7.家庭用の吸引器と外出用の吸引器の取り扱い。

8.食事の用意と胃ろうからの注入。

9.カフ圧のチェックの仕方。

10.ヘルパーが一人で体を横向けて行う排便の処理。

 医療行為ばかりだと叱られると思いますが、上記のことを教えるのは、私が安心して在宅療養するために必要なことです。ホームヘルパーも看護師も安心して介護と看護ができると喜んで習ってくれます。

アンビューバッグの押し方

 アンビューを押す練習をするときは、主治医に許可を得て、指導を受けて練習するように心がけてください。

 アンビューは、呼吸器の1回換気量を目安に押すのですが、押し込む強さに気をつけないと危険です。一気に押し込むと肺に穴が空きますし、ゆっくり押し込めば患者が空気を吸っている感じがなく苦しみます。

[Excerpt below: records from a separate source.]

lemma through_ridge_a: "through_ridge a"
  using nondeg_facets[of "\<lambda>_. False"] pt_a unfolding through_ridge_def by simp
lemma through_ridge_facetP_p: "through_ridge (facetP a b p)"
proof -
  have "facetP a b p = (\<lambda>i. if i = p then b i else a i)" unfolding facetP_def by (auto simp: fun_eq_iff)
  then show ?thesis using nondeg_facets[of "\<lambda>i. i = p"] pt_a pt_b unfolding through_ridge_def by auto
qed
lemma through_ridge_facetPQ: "through_ridge (facetPQ a b p q)"
proof -
  have "facetPQ a b p q = (\<lambda>i. if i = p \<or> i = q then b i else a i)" unfolding facetPQ_def by (auto simp: fun_eq_iff)
  then show ?thesis using nondeg_facets[of "\<lambda>i. i = p \<or> i = q"] pt_a pt_b unfolding through_ridge_def by auto
qed

lemma through_ridge_k: "through_ridge v \<Longrightarrow> v k = a k" using k_lt k_ne_p k_ne_q unfolding through_ridge_def by auto
lemma through_ridge_off: "through_ridge v \<Longrightarrow> s < n \<Longrightarrow> s \<notin> {p,q} \<Longrightarrow> v s = a s" unfolding through_ridge_def by auto
lemma through_ridge_pt: "through_ridge v \<Longrightarrow> s < n \<Longrightarrow> isPt G n (v s)" unfolding through_ridge_def by auto
lemma through_ridge_inV: "through_ridge v \<Longrightarrow> s < n \<Longrightarrow> inV N (pos (v s))" using through_ridge_pt inV_pt inV_pos by blast

lemma through_ridge_lin_indep: assumes v: "through_ridge v" shows "lin_indep (frame_idx G n k) (\<lambda>s. pos (v s))"
proof -
  have nd: "nondeg G n v" using v unfolding through_ridge_def by blast
  have "shift G v k = pos" using through_ridge_k[OF v] unfolding shift_def base_pt_def by simp
  then show ?thesis using nondeg_lin_indep[OF nd k_lt] by simp
qed

lemma tangent_orth_vertices_zero: assumes v: "through_ridge v" and z: "in_span {..<n} (\<lambda>s. pos (v s)) z"
  and orth: "\<And>s. s < n \<Longrightarrow> ip z (pos (v s)) = 0"
  shows "z = (\<lambda>_. 0)"
proof (rule orth_a_k_form_nonneg(2))
  show "inV N z" by (rule inV_in_span[OF _ z]) (use through_ridge_inV[OF v] in auto)
  show "ip z (pos (a k)) = 0" using orth[OF k_lt] through_ridge_k[OF v] by simp
  show "ip z z = 0" by (rule form_orth_span[OF _ _ z]) (use orth in auto)
qed

lemma in_span_Pr_through_ridge: "through_ridge v \<Longrightarrow> finite I \<Longrightarrow> ridge_idx G n p q k \<subseteq> I \<Longrightarrow> in_span I (\<lambda>s. pos (v s)) (Pr x)"
proof -
  assume v: "through_ridge v" and I: "finite I" "ridge_idx G n p q k \<subseteq> I"
  have "in_span (ridge_idx G n p q k) (\<lambda>s. pos (v s)) (Pr x)"
    using in_span_Pr in_span_cong[of "ridge_idx G n p q k" "\<lambda>s. pos (v s)" "\<lambda>s. pos (a s)"] through_ridge_off[OF v]
    unfolding ridge_idx_def by auto
  then show ?thesis by (rule in_span_mono[OF I(1) I(2)])
qed

lemma through_ridge_not_in_span: assumes v: "through_ridge v" and i: "i \<in> {p,q}"
  shows "\<not> in_span (frame_idx G n k - {i}) (\<lambda>s. pos (v s)) (pos (v i))"
  by (rule lin_indep_not_in_span[OF finite_frame_idx through_ridge_lin_indep[OF v]]) (use i pn qn k_ne_p k_ne_q in \<open>auto simp: frame_idx_def\<close>)

lemma ridge_idx_subset_frame_idx: "i \<in> {p,q} \<Longrightarrow> ridge_idx G n p q k \<subseteq> frame_idx G n k - {i}" unfolding ridge_idx_def frame_idx_def by auto


section \<open>Unit normals and dihedral angles\<close>

lemma oth_lt: "oth i < n" using n3 unfolding oth_def by auto
lemma oth_ne: "oth i \<noteq> i" unfolding oth_def by auto

lemma inTan_iff_in_span: assumes v: "through_ridge v" shows "inTan G n v w \<longleftrightarrow> in_span {..<n} (\<lambda>s. pos (v s)) w"
proof (cases "G = Euc")
  case True
  have vk: "v k = a k" using through_ridge_k[OF v] .
  have lc: "\<And>c. lincomb {..<n} c (\<lambda>s. pos (v s)) = vsub (lincomb {..<n} c v) (vscale (\<Sum>s<n. c s) (a k))"
    using True unfolding lincomb_def vsub_def vscale_def shift_def base_pt_def
    by (simp add: fun_eq_iff sum_subtractf sum_distrib_right right_diff_distrib)
  show ?thesis
  proof
    assume "inTan G n v w"
    then obtain c where c: "w = lincomb {..<n} c v" "(\<Sum>s<n. c s) = 0" unfolding inTan_def using True by blast
    then have "w = lincomb {..<n} c (\<lambda>s. pos (v s))" using lc[of c] by (simp add: vscale_def)
    then show "in_span {..<n} (\<lambda>s. pos (v s)) w" unfolding in_span_def by blast
  next
    assume "in_span {..<n} (\<lambda>s. pos (v s)) w"
    then obtain c where c: "w = lincomb {..<n} c (\<lambda>s. pos (v s))" unfolding in_span_def by blast
    define c' where "c' = (\<lambda>s. c s + (if s = k then - (\<Sum>t<n. c t) else 0))"
    have "lincomb {..<n} c' v = vsub (lincomb {..<n} c v) (vscale (\<Sum>s<n. c s) (a k))"
      unfolding lincomb_def vsub_def vscale_def c'_def using k_lt vk
      by (simp add: fun_eq_iff distrib_right sum.distrib if_distrib[of "\<lambda>x. x * _"] cong: if_cong)
    moreover have "(\<Sum>s<n. c' s) = 0" unfolding c'_def using k_lt
      by (simp add: sum.distrib)
    ultimately show "inTan G n v w" unfolding inTan_def using c lc[of c] by metis
  qed
next
  case False then show ?thesis unfolding inTan_def in_span_def by (simp add: pos_nonEuc)
qed

lemma form_rel: "ip w (rel G x y) = ip w (pos x) - (if G = Euc then ip w (pos y) else 0)"
  unfolding rel_def shift_def base_pt_def by (auto simp: form_lin)

definition unit_normal :: "(nat \<Rightarrow> nat \<Rightarrow> real) \<Rightarrow> nat \<Rightarrow> (nat \<Rightarrow> real) \<Rightarrow> bool" where
  "unit_normal v i w \<longleftrightarrow> in_span {..<n} (\<lambda>s. pos (v s)) w \<and> ip w w = 1 \<and> (\<forall>s<n. s \<noteq> i \<longrightarrow> ip w (pos (v s)) = 0) \<and> ip w (pos (v i)) > 0"

lemma tangent_orth_facet_parallel: assumes v: "through_ridge v" and i: "i \<in> {p,q}" and w: "unit_normal v i w"
  and z: "in_span {..<n} (\<lambda>s. pos (v s)) z" and orth: "\<And>s. s < n \<Longrightarrow> s \<noteq> i \<Longrightarrow> ip z (pos (v s)) = 0"
  shows "z = vscale (ip z (pos (v i)) / ip w (pos (v i))) w"
proof -
  let ?m = "ip z (pos (v i)) / ip w (pos (v i))"
  have bzp: "ip w (pos (v i)) > 0" using w unit_normal_def by blast
  define d where "d = vsub z (vscale ?m w)"
  have "d = (\<lambda>_. 0)"
  proof (rule tangent_orth_vertices_zero[OF v])
    show "in_span {..<n} (\<lambda>s. pos (v s)) d" unfolding d_def using z w unit_normal_def by (blast intro: in_span_sub in_span_scale)
    fix s assume s: "s < n"
    show "ip d (pos (v s)) = 0"
    proof (cases "s = i")
      case True then show ?thesis unfolding d_def using bzp by (simp add: form_lin)
    next
      case False then show ?thesis unfolding d_def using orth[OF s False] w s unit_normal_def by (simp add: form_lin)
    qed
  qed
  then show ?thesis unfolding d_def vsub_def vscale_def by (auto simp: fun_eq_iff)
qed

lemma nrm_conditions_iff: assumes v: "through_ridge v" and i: "i \<in> {p,q}"
  shows "(inTan G n v w \<and> ip w w = 1 \<and> (\<forall>s<n. s \<noteq> i \<longrightarrow> ip w (rel G (v s) (v (oth i))) = 0) \<and>
          ip w (rel G (v i) (v (oth i))) > 0) \<longleftrightarrow> unit_normal v i w"
proof (cases "G = Euc")
  case False
  have r: "\<And>x y. ip w (rel G x y) = ip w (pos x)" using False form_rel by simp
  show ?thesis unfolding unit_normal_def inTan_iff_in_span[OF v] r ..
next
  case True
  have ki: "k \<noteq> i" "k < n" using i k_ne_p k_ne_q k_lt by auto
  have r: "\<And>x y. ip w (rel G x y) = ip w (pos x) - ip w (pos y)" using True form_rel by simp
  have vk: "pos (v k) = (\<lambda>_. 0)" using pos_a_k_Euc[OF True] through_ridge_k[OF v] by simp
  have ot: "oth i < n" "oth i \<noteq> i" using oth_lt oth_ne by auto
  show ?thesis unfolding unit_normal_def inTan_iff_in_span[OF v] r
  proof
    assume h: "in_span {..<n} (\<lambda>s. pos (v s)) w \<and> ip w w = 1 \<and>
      (\<forall>s<n. s \<noteq> i \<longrightarrow> ip w (pos (v s)) - ip w (pos (v (oth i))) = 0) \<and> 0 < ip w (pos (v i)) - ip w (pos (v (oth i)))"
    then have "ip w (pos (v k)) - ip w (pos (v (oth i))) = 0" using ki by blast
    then have z: "ip w (pos (v (oth i))) = 0" using vk by simp
    show "in_span {..<n} (\<lambda>s. pos (v s)) w \<and> ip w w = 1 \<and> (\<forall>s<n. s \<noteq> i \<longrightarrow> ip w (pos (v s)) = 0) \<and> 0 < ip w (pos (v i))"
      using h z by simp
  next
    assume h: "in_span {..<n} (\<lambda>s. pos (v s)) w \<and> ip w w = 1 \<and> (\<forall>s<n. s \<noteq> i \<longrightarrow> ip w (pos (v s)) = 0) \<and> 0 < ip w (pos (v i))"
    then have z: "ip w (pos (v (oth i))) = 0" using ot by blast
    show "in_span {..<n} (\<lambda>s. pos (v s)) w \<and> ip w w = 1 \<and>
      (\<forall>s<n. s \<noteq> i \<longrightarrow> ip w (pos (v s)) - ip w (pos (v (oth i))) = 0) \<and> 0 < ip w (pos (v i)) - ip w (pos (v (oth i)))"
      using h z by simp
  qed
qed

lemma unit_normal_unique:
  assumes v: "through_ridge v" and i: "i \<in> {p,q}" and w1: "unit_normal v i w1" and w2: "unit_normal v i w2"
  shows "w1 = w2"
proof -
  let ?l = "ip w2 (pos (v i)) / ip w1 (pos (v i))"
  have p1: "ip w1 (pos (v i)) > 0" and p2: "ip w2 (pos (v i)) > 0" using w1 w2 unit_normal_def by auto
  have eq: "w2 = vscale ?l w1"
    by (rule tangent_orth_facet_parallel[OF v i w1]) (use w2 in \<open>auto simp: unit_normal_def\<close>)
  have "1 = ?l^2" using w1 w2 unfolding unit_normal_def
    by (subst (asm) (2) eq, subst (asm) (3) eq) (simp add: form_lin power2_eq_square)
  moreover have "?l > 0" using p1 p2 by simp
  ultimately have "?l = 1" by (metis abs_of_pos real_sqrt_abs real_sqrt_one)
  then show ?thesis using eq unfolding vscale_def by simp
qed

lemma nrm_eqI: assumes v: "through_ridge v" and i: "i \<in> {p,q}" and w: "unit_normal v i w" shows "nrm G n v i = w"
  unfolding nrm_def
  by (rule the_equality) (use nrm_conditions_iff[OF v i] w unit_normal_unique[OF v i] in auto)

lemma inV_perp_vertex: "through_ridge v \<Longrightarrow> s < n \<Longrightarrow> inV N (perp (pos (v s)))" using inV_perp through_ridge_inV by blast

lemma orth_ridge_unit_reject: "orth_ridge X \<Longrightarrow> orth_ridge Y \<Longrightarrow> orth_ridge (unit_reject G n X Y)"
  unfolding unit_reject_def reject_def by (intro orth_ridge_lin)

lemma orth_ridge_reject: "orth_ridge X \<Longrightarrow> orth_ridge Y \<Longrightarrow> orth_ridge (reject G n X Y)"
  unfolding reject_def by (intro orth_ridge_lin)

lemma pq_idx: "i \<in> {p,q} \<Longrightarrow> i < n \<and> i \<in> frame_idx G n k \<and> i \<noteq> k"
  using pn qn k_ne_p k_ne_q unfolding frame_idx_def by auto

 呼吸器の気道内圧の上がり方を頭で覚えておいて押せばいいのですが、緊急の場合はすぐ対応しないといけないので、そんなこと言っていられません。女性は握力がそんなに強くないので、普通に物を握る感じで押せばいいと思います。普通の肺は無茶に押さない限り穴が空いたりしません。

 私の教え方は、まずアンビューだけで、私が見えるところで空押しをして練習してもらいます。押す間隔と押し込む量を目分量で教えます。それからアンビューをつないで練習をするのですが、「押す強さ、押す間隔、押し込む量」をまばたきとパソコンで指示します。マスターできるまで訪問の日に毎回してもらいます。この内容は長時間介護のホームヘルパーに教えます。